Since 2021, I have served as one of two scholar-editors for the Issei Poetry Project at the Japanese Community and Cultural Center (JACCC - Los Angeles). I have also been working on translations of early Japanese American drama -- most recently in the form of a (2022) staged reading of Nagahara Hideaki's 1928 play Sariyukumono (The Ones Who Leave).
Prior to joining the faculty of UC Berkeley in 2018, I was an assistant professor of English and Asian Languages and Cultures at Northwestern University (2012-2018).

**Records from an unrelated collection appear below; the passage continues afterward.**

(* Let $S$ be an additively cancellative, semisubtractive, centrally essential semiring with center $C=C(S)$. The following conditions are equivalent: (1) $S$ is a semiprime semiring; (2) $C$ is a semiprime semiring; (3) $S$ has no non-zero nilpotent elements; (4) $S$ is a commutative semiring without non-zero nilpotent elements.
   Context: A semiring is a set $S$ with two binary operations $+$ and $\cdot$ such that $(S,+)$ is a commutative monoid with neutral element $0$, $(S,\cdot)$ is a monoid with identity $1$, multiplication distributes over addition on both sides, and $0s=s0=0$ for all $s\in S$. The center is $C(S)=\{s\in S: ss'=s's \text{ for all } s'\in S\}$, a subsemiring. $S$ is centrally essential if for every non-zero $x\in S$ there exist non-zero $y,z\in C(S)$ with $xy=z$. $S$ is additively cancellative if $x+z=y+z$ implies $x=y$. $S$ is semisubtractive if for all $a\neq b$ in $S$ there exists $x\in S$ with $a+x=b$ or $b+x=a$. A semiring is semiprime if it has no non-zero nilpotent ideals. *)

theory Defs
  imports Main
begin

text \<open>Semirings: type class semiring_0 (commutative additive monoid, associative
multiplication, two-sided distributivity, absorbing zero) together with
monoid_mult (multiplicative identity). 0 = 1 is not excluded, as in the paper.\<close>

definition center :: "'a::{semiring_0,monoid_mult} set" where
  "center = {s. \<forall>t. s * t = t * s}"

definition centrally_essential :: "'a::{semiring_0,monoid_mult} itself \<Rightarrow> bool" where
  "centrally_essential _ \<longleftrightarrow>
     (\<forall>x::'a. x \<noteq> 0 \<longrightarrow> (\<exists>y z. y \<in> center \<and> z \<in> center \<and> y \<noteq> 0 \<and> z \<noteq> 0 \<and> x * y = z))"

definition add_cancellative :: "'a::{semiring_0,monoid_mult} itself \<Rightarrow> bool" where
  "add_cancellative _ \<longleftrightarrow> (\<forall>x y z::'a. x + z = y + z \<longrightarrow> x = y)"

definition semisubtractive :: "'a::{semiring_0,monoid_mult} itself \<Rightarrow> bool" where
  "semisubtractive _ \<longleftrightarrow> (\<forall>a b::'a. a \<noteq> b \<longrightarrow> (\<exists>x. a + x = b \<or> b + x = a))"

definition ideal_in :: "'a::{semiring_0,monoid_mult} set \<Rightarrow> 'a set \<Rightarrow> bool" where
  "ideal_in R I \<longleftrightarrow> I \<subseteq> R \<and> 0 \<in> I \<and> (\<forall>x\<in>I. \<forall>y\<in>I. x + y \<in> I)
     \<and> (\<forall>r\<in>R. \<forall>x\<in>I. r * x \<in> I \<and> x * r \<in> I)"

text \<open>I is nilpotent: I^n = 0 for some n \<ge> 1, i.e. every product of n elements of I is 0
(I^n is additively generated by such products).\<close>
definition nilpotent_ideal :: "'a::{semiring_0,monoid_mult} set \<Rightarrow> bool" where
  "nilpotent_ideal I \<longleftrightarrow>
     (\<exists>n\<ge>1. \<forall>xs. length xs = n \<and> set xs \<subseteq> I \<longrightarrow> prod_list xs = 0)"

definition semiprime_on :: "'a::{semiring_0,monoid_mult} set \<Rightarrow> bool" where
  "semiprime_on R \<longleftrightarrow> (\<forall>I. ideal_in R I \<and> nilpotent_ideal I \<longrightarrow> I = {0})"

definition no_nonzero_nilpotents :: "'a::{semiring_0,monoid_mult} itself \<Rightarrow> bool" where
  "no_nonzero_nilpotents _ \<longleftrightarrow> (\<forall>x::'a. (\<exists>n. x ^ n = 0) \<longrightarrow> x = 0)"

definition commutative_mult :: "'a::{semiring_0,monoid_mult} itself \<Rightarrow> bool" where
  "commutative_mult _ \<longleftrightarrow> (\<forall>x y::'a. x * y = y * x)"

end

theory Submission
  imports Defs
begin

text \<open>If S has no non-zero nilpotent elements, no non-zero ideal of any subsemiring is nilpotent,
since x \<in> I with I^n = 0 gives x^n = 0. Conversely, if a central element c is nilpotent, then
the ideal cR of a subsemiring R containing c is nilpotent, because (cR)^n \<subseteq> c^n R; so
semiprimeness of S or of C forces all central nilpotents to vanish, and central essentiality
transports this to all of S: if x^n = 0 and xy = z with y, z central, z \<noteq> 0, then z^n = x^n y^n = 0.

For commutativity, semisubtractivity reduces to showing that ab + x = ba forces x = 0.
Multiplying by a central element we may assume x = z is central. Then (az)b + z^2 = b(az); if
az = 0 this makes z^2 = 0, and otherwise choosing c central with azc = w central non-zero and
cancelling wb in wb + z^2c = wb gives z^2c = 0, whence w^2 = a^2 (z^2 c) c = 0, a contradiction.\<close>

definition subsemiring :: "'a::{semiring_0,monoid_mult} set \<Rightarrow> bool" where
  "subsemiring R \<longleftrightarrow> 0 \<in> R \<and> 1 \<in> R \<and> (\<forall>a\<in>R. \<forall>b\<in>R. a + b \<in> R \<and> a * b \<in> R)"

lemma center_iff: "c \<in> center \<longleftrightarrow> (\<forall>t. c * t = t * c)"
  by (simp add: center_def)

lemma center_commute: "c \<in> center \<Longrightarrow> s * c = c * s"
  by (simp add: center_iff)

lemma zero_in_center: "0 \<in> center"
  and one_in_center: "1 \<in> center"
  by (simp_all add: center_iff)

lemma add_in_center: "a \<in> center \<Longrightarrow> b \<in> center \<Longrightarrow> a + b \<in> center"
  by (simp add: center_iff distrib_left distrib_right)

lemma mult_in_center:
  assumes "a \<in> center" "b \<in> center"
  shows "a * b \<in> center"
  unfolding center_iff
proof
  fix t
  have "a * b * t = a * t * b"
    by (simp add: mult.assoc center_commute[OF assms(2), of t, symmetric])
  also have "\<dots> = t * (a * b)"
    by (simp add: mult.assoc center_commute[OF assms(1), of t, symmetric])
  finally show "a * b * t = t * (a * b)" .
qed

lemma power_in_center: "c \<in> center \<Longrightarrow> c ^ n \<in> center"
  by (induction n) (simp_all add: one_in_center mult_in_center)

lemma power_mult_central:
  assumes "y \<in> center"
  shows "(x * y) ^ n = x ^ n * y ^ n"
proof (induction n)
  case (Suc n)
  have "(x * y) ^ Suc n = x * (y * x ^ n) * y ^ n"
    by (simp add: Suc mult.assoc)
  also have "\<dots> = x ^ Suc n * y ^ Suc n"
    by (simp add: center_commute[OF assms, of "x ^ n", symmetric] mult.assoc)
  finally show ?case .
qed simp

lemma subsemiring_UNIV: "subsemiring UNIV"
  by (simp add: subsemiring_def)

lemma subsemiring_center: "subsemiring center"
  by (simp add: subsemiring_def zero_in_center one_in_center add_in_center mult_in_center)

lemma square_eq_0_imp_eq_0:
  assumes "no_nonzero_nilpotents TYPE('a::{semiring_0,monoid_mult})" and "(x::'a) * x = 0"
  shows "x = 0"
  using assms unfolding no_nonzero_nilpotents_def by (metis power2_eq_square)

lemma add_right_eq_self_imp_eq_0:
  assumes "add_cancellative TYPE('a::{semiring_0,monoid_mult})" and "(x::'a) + y = x"
  shows "y = 0"
  using assms unfolding add_cancellative_def by (metis add.commute add_0)

lemma semiprime_on_if_no_nonzero_nilpotents:
  assumes "no_nonzero_nilpotents TYPE('a::{semiring_0,monoid_mult})"
  shows "semiprime_on (R :: 'a set)"
  unfolding semiprime_on_def
proof (intro allI impI)
  fix I :: "'a set"
  assume I: "ideal_in R I \<and> nilpotent_ideal I"
  then obtain n where n: "\<And>xs. length xs = n \<Longrightarrow> set xs \<subseteq> I \<Longrightarrow> prod_list xs = 0"
    unfolding nilpotent_ideal_def by blast
  have "x = 0" if "x \<in> I" for x
  proof -
    have "x ^ n = 0"
      using n[of "replicate n x"] that by (simp add: set_replicate_conv_if)
    then show ?thesis
      using assms unfolding no_nonzero_nilpotents_def by blast
  qed
  moreover have "0 \<in> I"
    using I unfolding ideal_in_def by blast
  ultimately show "I = {0}" by blast
qed

lemma principal_ideal_central:
  assumes "subsemiring R" "c \<in> R" "c \<in> center"
  shows "ideal_in R ((*) c ` R)"
proof -
  have "r * (c * t) = c * (r * t)" for r t
    by (metis center_commute[OF assms(3)] mult.assoc)
  moreover have "c * t + c * t' = c * (t + t')" for t t'
    by (simp add: distrib_left)
  moreover have "0 \<in> (*) c ` R"
    using assms(1) unfolding subsemiring_def by (metis image_eqI mult_zero_right)
  ultimately show ?thesis
    using assms(1,2) unfolding ideal_in_def subsemiring_def
    by (auto simp: mult.assoc image_iff)
qed

lemma prod_list_principal_ideal_central:
  assumes "subsemiring R" "c \<in> center" "set xs \<subseteq> (*) c ` R"
  shows "\<exists>t\<in>R. prod_list xs = c ^ length xs * t"
  using assms(3)
proof (induction xs)
  case Nil
  then show ?case
    using assms(1) unfolding subsemiring_def by force
next
  case (Cons x xs)
  then obtain t where t: "t \<in> R" "prod_list xs = c ^ length xs * t" by auto
  obtain s where s: "s \<in> R" "x = c * s"
    using Cons.prems by auto
  have "prod_list (x # xs) = c * (s * c ^ length xs) * t"
    by (simp add: s t mult.assoc)
  also have "\<dots> = c ^ length (x # xs) * (s * t)"
    using center_commute[OF power_in_center[OF assms(2)], of s "length xs"]
    by (simp add: mult.assoc)
  finally show ?case
    using s t assms(1) unfolding subsemiring_def by blast
qed

lemma nilpotent_principal_ideal_central:
  assumes "subsemiring R" "c \<in> center" "c ^ n = 0"
  shows "nilpotent_ideal ((*) c ` R)"
  unfolding nilpotent_ideal_def
proof (intro exI[of _ "Suc n"] conjI allI impI)
  fix xs :: "'a list"
  assume "length xs = Suc n \<and> set xs \<subseteq> (*) c ` R"
  with prod_list_principal_ideal_central[OF assms(1,2)]
  obtain t where "prod_list xs = c * c ^ n * t"
    by fastforce
  then show "prod_list xs = 0"
    by (simp add: assms(3))
qed simp

lemma central_nilpotent_eq_0_if_semiprime_on:
  assumes "semiprime_on R" "subsemiring R" "c \<in> R" "c \<in> center" "c ^ n = 0"
  shows "c = 0"
proof -
  have "(*) c ` R = {0}"
    using assms principal_ideal_central nilpotent_principal_ideal_central
    unfolding semiprime_on_def by blast
  moreover have "c \<in> (*) c ` R"
    using assms(2) unfolding subsemiring_def by (metis image_eqI mult_1_right)
  ultimately show ?thesis by blast
qed

lemma no_nonzero_nilpotents_if_central:
  assumes "centrally_essential TYPE('a::{semiring_0,monoid_mult})"
    and "\<And>c::'a. \<And>n. c \<in> center \<Longrightarrow> c ^ n = 0 \<Longrightarrow> c = 0"
  shows "no_nonzero_nilpotents TYPE('a)"
  unfolding no_nonzero_nilpotents_def
proof (intro allI impI)
  fix x :: 'a
  assume "\<exists>n. x ^ n = 0"
  then obtain n where n: "x ^ n = 0" by blast
  show "x = 0"
  proof (rule ccontr)
    assume "x \<noteq> 0"
    then obtain y z where yz: "y \<in> center" "z \<in> center" "z \<noteq> 0" "x * y = z"
      using assms(1) unfolding centrally_essential_def by blast
    have "z ^ n = 0"
      using power_mult_central[OF yz(1), of x n] n yz(4) by simp
    then show False
      using assms(2) yz(2,3) by blast
  qed
qed

lemma no_nonzero_nilpotents_if_semiprime_on:
  assumes "centrally_essential TYPE('a::{semiring_0,monoid_mult})"
    and "semiprime_on R" "subsemiring R" "center \<subseteq> (R :: 'a set)"
  shows "no_nonzero_nilpotents TYPE('a)"
proof (rule no_nonzero_nilpotents_if_central[OF assms(1)])
  fix c :: 'a and n
  assume "c \<in> center" "c ^ n = 0"
  then show "c = 0"
    using central_nilpotent_eq_0_if_semiprime_on[OF assms(2,3)] assms(4) by blast
qed

lemma central_commutator_defect_eq_0:
  fixes a b z :: "'a::{semiring_0,monoid_mult}"
  assumes ce: "centrally_essential TYPE('a)"
    and ac: "add_cancellative TYPE('a)"
    and red: "no_nonzero_nilpotents TYPE('a)"
    and eq: "a * b + z = b * a" and z: "z \<in> center"
  shows "z = 0"
proof -
  have zcomm: "s * z = z * s" for s
    using z by (rule center_commute)
  have "(a * b + z) * z = b * a * z"
    using eq by simp
  then have eq_az: "(a * z) * b + z * z = b * (a * z)"
    by (simp add: distrib_right mult.assoc zcomm[of b])
  show ?thesis
  proof (cases "a * z = 0")
    case True
    then have "z * z = 0"
      using eq_az by simp
    then show ?thesis
      by (rule square_eq_0_imp_eq_0[OF red])
  next
    case False
    then obtain c w where cw: "c \<in> center" "w \<in> center" "w \<noteq> 0" "a * z * c = w"
      using ce unfolding centrally_essential_def by blast
    have ccomm: "s * c = c * s" for s
      using cw(1) by (rule center_commute)
    have "a * z * b * c = w * b"
      by (metis cw(4) ccomm mult.assoc)
    moreover have "b * (a * z) * c = w * b"
      by (metis cw(4) center_commute[OF cw(2)] mult.assoc)
    moreover have "(a * z * b + z * z) * c = b * (a * z) * c"
      using eq_az by simp
    ultimately have "w * b + z * z * c = w * b"
      by (simp add: distrib_right)
    then have zzc: "z * z * c = 0"
      by (rule add_right_eq_self_imp_eq_0[OF ac])
    have "w * w = a * (z * c * a) * (z * c)"
      by (simp add: cw(4)[symmetric] mult.assoc)
    also have "\<dots> = a * a * (z * (c * z)) * c"
      by (metis zcomm ccomm mult.assoc)
    also have "\<dots> = a * a * (z * z * c) * c"
      by (simp add: ccomm[of z] mult.assoc)
    finally have "w * w = 0"
      by (simp add: zzc)
    then show ?thesis
      using square_eq_0_imp_eq_0[OF red] cw(3) by blast
  qed
qed

lemma commutator_defect_eq_0:
  fixes a b x :: "'a::{semiring_0,monoid_mult}"
  assumes ce: "centrally_essential TYPE('a)"
    and ac: "add_cancellative TYPE('a)"
    and red: "no_nonzero_nilpotents TYPE('a)"
    and eq: "a * b + x = b * a"
  shows "x = 0"
proof (rule ccontr)
  assume "x \<noteq> 0"
  then obtain c z where cz: "c \<in> center" "z \<in> center" "z \<noteq> 0" "x * c = z"
    using ce unfolding centrally_essential_def by blast
  have "(a * b + x) * c = b * a * c"
    using eq by simp
  then have "a * (b * c) + z = (b * c) * a"
    using cz(4) center_commute[OF cz(1), of a] by (simp add: distrib_right mult.assoc)
  then have "z = 0"
    using central_commutator_defect_eq_0[OF ce ac red _ cz(2)] by blast
  with cz(3) show False by contradiction
qed

lemma commutative_mult_if_no_nonzero_nilpotents:
  assumes "centrally_essential TYPE('a::{semiring_0,monoid_mult})"
    and "add_cancellative TYPE('a)"
    and "semisubtractive TYPE('a)"
    and "no_nonzero_nilpotents TYPE('a)"
  shows "commutative_mult TYPE('a)"
  unfolding commutative_mult_def
proof (intro allI)
  fix a b :: 'a
  show "a * b = b * a"
  proof (rule ccontr)
    assume ne: "a * b \<noteq> b * a"
    then obtain x where "a * b + x = b * a \<or> b * a + x = a * b"
      using assms(3) unfolding semisubtractive_def by blast
    then show False
    proof
      assume "a * b + x = b * a"
      with commutator_defect_eq_0[OF assms(1,2,4) this] ne show False by simp
    next
      assume "b * a + x = a * b"
      with commutator_defect_eq_0[OF assms(1,2,4) this] ne show False by simp
    qed
  qed
qed

theorem proposition2p1:
  assumes "add_cancellative TYPE('a::{semiring_0,monoid_mult})"
    and "semisubtractive TYPE('a)"
    and "centrally_essential TYPE('a)"
  shows "(semiprime_on (UNIV :: 'a set) \<longleftrightarrow> semiprime_on (center :: 'a set))
       \<and> (semiprime_on (center :: 'a set) \<longleftrightarrow> no_nonzero_nilpotents TYPE('a))
       \<and> (no_nonzero_nilpotents TYPE('a) \<longleftrightarrow>
            (commutative_mult TYPE('a) \<and> no_nonzero_nilpotents TYPE('a)))"
proof -
  have "semiprime_on (UNIV :: 'a set) \<longleftrightarrow> no_nonzero_nilpotents TYPE('a)"
    using no_nonzero_nilpotents_if_semiprime_on[OF assms(3) _ subsemiring_UNIV]
      semiprime_on_if_no_nonzero_nilpotents by blast
  moreover have "semiprime_on (center :: 'a set) \<longleftrightarrow> no_nonzero_nilpotents TYPE('a)"
    using no_nonzero_nilpotents_if_semiprime_on[OF assms(3) _ subsemiring_center]
      semiprime_on_if_no_nonzero_nilpotents by blast
  moreover have "no_nonzero_nilpotents TYPE('a) \<Longrightarrow> commutative_mult TYPE('a)"
    by (rule commutative_mult_if_no_nonzero_nilpotents[OF assms(3,1,2)])
  ultimately show ?thesis
    by blast
qed

end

I received my Ph.D. in Comparative Literature (English, Japanese, Spanish) from UC Berkeley in 2012, and completed my B.A. in Comparative Literature (English, Spanish, Mathematics) at Dartmouth College in 2003.
I have taught courses on 19th and 20th century Japanese literature, American literature, Asian American literature, modernist literature in Asia, international law and literature, manga and graphic novels, and Westerns and Japanese period drama.
Third-person pronouns: he/him.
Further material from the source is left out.